#### Supplied data
lemma nn_integral_shift_diff_le:
  fixes h :: "real \<Rightarrow> real"
  assumes [measurable]: "h \<in> borel_measurable borel" and h_lip: "L-lipschitz_on UNIV h"
    and h_L1: "(\<integral>\<^sup>+x. ennreal \<bar>h x\<bar> \<partial>lborel) \<le> ennreal M" and M: "M \<ge> 0" and R: "R > 0"
  shows "(\<integral>\<^sup>+x. ennreal \<bar>h (x + z) - h x\<bar> \<partial>lborel)
    \<le> ennreal ((2 * R * L + 4 * M / R) * \<bar>z\<bar>) + 2 * L1_tail h (R / 2)"
proof (cases "\<bar>z\<bar> \<le> R / 2")
  case True
  have "2 * R * L * \<bar>z\<bar> \<le> (2 * R * L + 4 * M / R) * \<bar>z\<bar>"
    using R M by (intro mult_right_mono) auto
  then show ?thesis
    by (intro order.trans[OF nn_integral_small_shift_diff_le[OF _ h_lip True]] add_mono ennreal_leI) auto
next
  case False
  have "(\<integral>\<^sup>+x. ennreal \<bar>h (x + z) - h x\<bar> \<partial>lborel) \<le> (\<integral>\<^sup>+x. ennreal \<bar>h (x + z)\<bar> + ennreal \<bar>h x\<bar> \<partial>lborel)"
    by (intro nn_integral_mono) (simp add: ennreal_plus[symmetric] ennreal_leI abs_triangle_ineq4 del: ennreal_plus)
  also have "\<dots> = 2 * (\<integral>\<^sup>+x. ennreal \<bar>h x\<bar> \<partial>lborel)"
    by (simp add: nn_integral_add nn_integral_lborel_shift[of "\<lambda>x. ennreal \<bar>h x\<bar>"] mult_2)
  also have "\<dots> \<le> ennreal (2 * M)"
    using h_L1 M by (simp add: ennreal_mult' mult_left_mono)
  also have "\<dots> \<le> ennreal ((2 * R * L + 4 * M / R) * \<bar>z\<bar>)"
  proof (intro ennreal_leI)
    have "2 * M = 4 * M / R * (R / 2)" using R by simp
    also have "\<dots> \<le> 4 * M / R * \<bar>z\<bar>" using False M R by (intro mult_left_mono) auto
    also have "\<dots> \<le> (2 * R * L + 4 * M / R) * \<bar>z\<bar>"
      using R lipschitz_on_nonneg[OF h_lip] by (intro mult_right_mono) auto
    finally show "2 * M \<le> (2 * R * L + 4 * M / R) * \<bar>z\<bar>" .
  qed
  finally show ?thesis by (rule order.trans) simp
qed

lemma nn_integral_laplace_kernel_le:
  fixes C g :: real and D :: ennreal
  assumes C: "C \<ge> 0" and g: "g > 0"
  shows "(\<integral>\<^sup>+z. ennreal (g / 2 * exp (- (g * \<bar>z\<bar>))) * (ennreal (C * \<bar>z\<bar>) + D) \<partial>lborel) \<le> ennreal (C / g) + D"
proof -
  have "(\<integral>\<^sup>+z. ennreal (g / 2 * exp (- (g * \<bar>z\<bar>))) * (ennreal (C * \<bar>z\<bar>) + D) \<partial>lborel)
      = (\<integral>\<^sup>+z. ennreal (g / 2 * C) * ennreal (exp (- (g * \<bar>z\<bar>)) * \<bar>z\<bar>)
        + D * ennreal (g / 2 * exp (- (g * \<bar>z\<bar>))) \<partial>lborel)"
  proof (intro nn_integral_cong)
    fix z
    have "ennreal (g / 2 * exp (- (g * \<bar>z\<bar>))) * ennreal (C * \<bar>z\<bar>)
        = ennreal (g / 2 * C) * ennreal (exp (- (g * \<bar>z\<bar>)) * \<bar>z\<bar>)"
      using g C by (simp add: ennreal_mult[symmetric] mult_ac)
    then show "ennreal (g / 2 * exp (- (g * \<bar>z\<bar>))) * (ennreal (C * \<bar>z\<bar>) + D)
        = ennreal (g / 2 * C) * ennreal (exp (- (g * \<bar>z\<bar>)) * \<bar>z\<bar>) + D * ennreal (g / 2 * exp (- (g * \<bar>z\<bar>)))"
      by (simp only: distrib_left mult.commute[of "ennreal (g / 2 * exp (- (g * \<bar>z\<bar>)))" D])
  qed
  also have "\<dots> = ennreal (g / 2 * C) * (\<integral>\<^sup>+z. ennreal (exp (- (g * \<bar>z\<bar>)) * \<bar>z\<bar>) \<partial>lborel)
      + D * (ennreal (g / 2) * (\<integral>\<^sup>+z. ennreal (exp (- (g * \<bar>z\<bar>))) \<partial>lborel))"
    using g by (simp add: nn_integral_add nn_integral_cmult[symmetric] ennreal_mult[symmetric])
  also have "\<dots> \<le> ennreal (g / 2 * C) * ennreal (2 / g ^ 2) + D * (ennreal (g / 2) * ennreal (2 / g))"
    using nn_integral_exp_abs_moment_le[OF g, of 1] nn_integral_exp_abs_moment_le[OF g, of 0]
    by (intro add_mono mult_left_mono) (simp_all add: power2_eq_square)
  also have "\<dots> = ennreal (C / g) + D"
    using g C by (simp add: ennreal_mult[symmetric] power2_eq_square)
  finally show ?thesis .
qed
########
> What is expected
Among the lines above, find those holding "dots" and copy each one.

> Solution to this exercise
  also have "\<dots> = 2 * (\<integral>\<^sup>+x. ennreal \<bar>h x\<bar> \<partial>lborel)"
  also have "\<dots> \<le> ennreal (2 * M)"
  also have "\<dots> \<le> ennreal ((2 * R * L + 4 * M / R) * \<bar>z\<bar>)"
    also have "\<dots> \<le> 4 * M / R * \<bar>z\<bar>" using False M R by (intro mult_left_mono) auto
    also have "\<dots> \<le> (2 * R * L + 4 * M / R) * \<bar>z\<bar>"
  also have "\<dots> = ennreal (g / 2 * C) * (\<integral>\<^sup>+z. ennreal (exp (- (g * \<bar>z\<bar>)) * \<bar>z\<bar>) \<partial>lborel)
  also have "\<dots> \<le> ennreal (g / 2 * C) * ennreal (2 / g ^ 2) + D * (ennreal (g / 2) * ennreal (2 / g))"
  also have "\<dots> = ennreal (C / g) + D"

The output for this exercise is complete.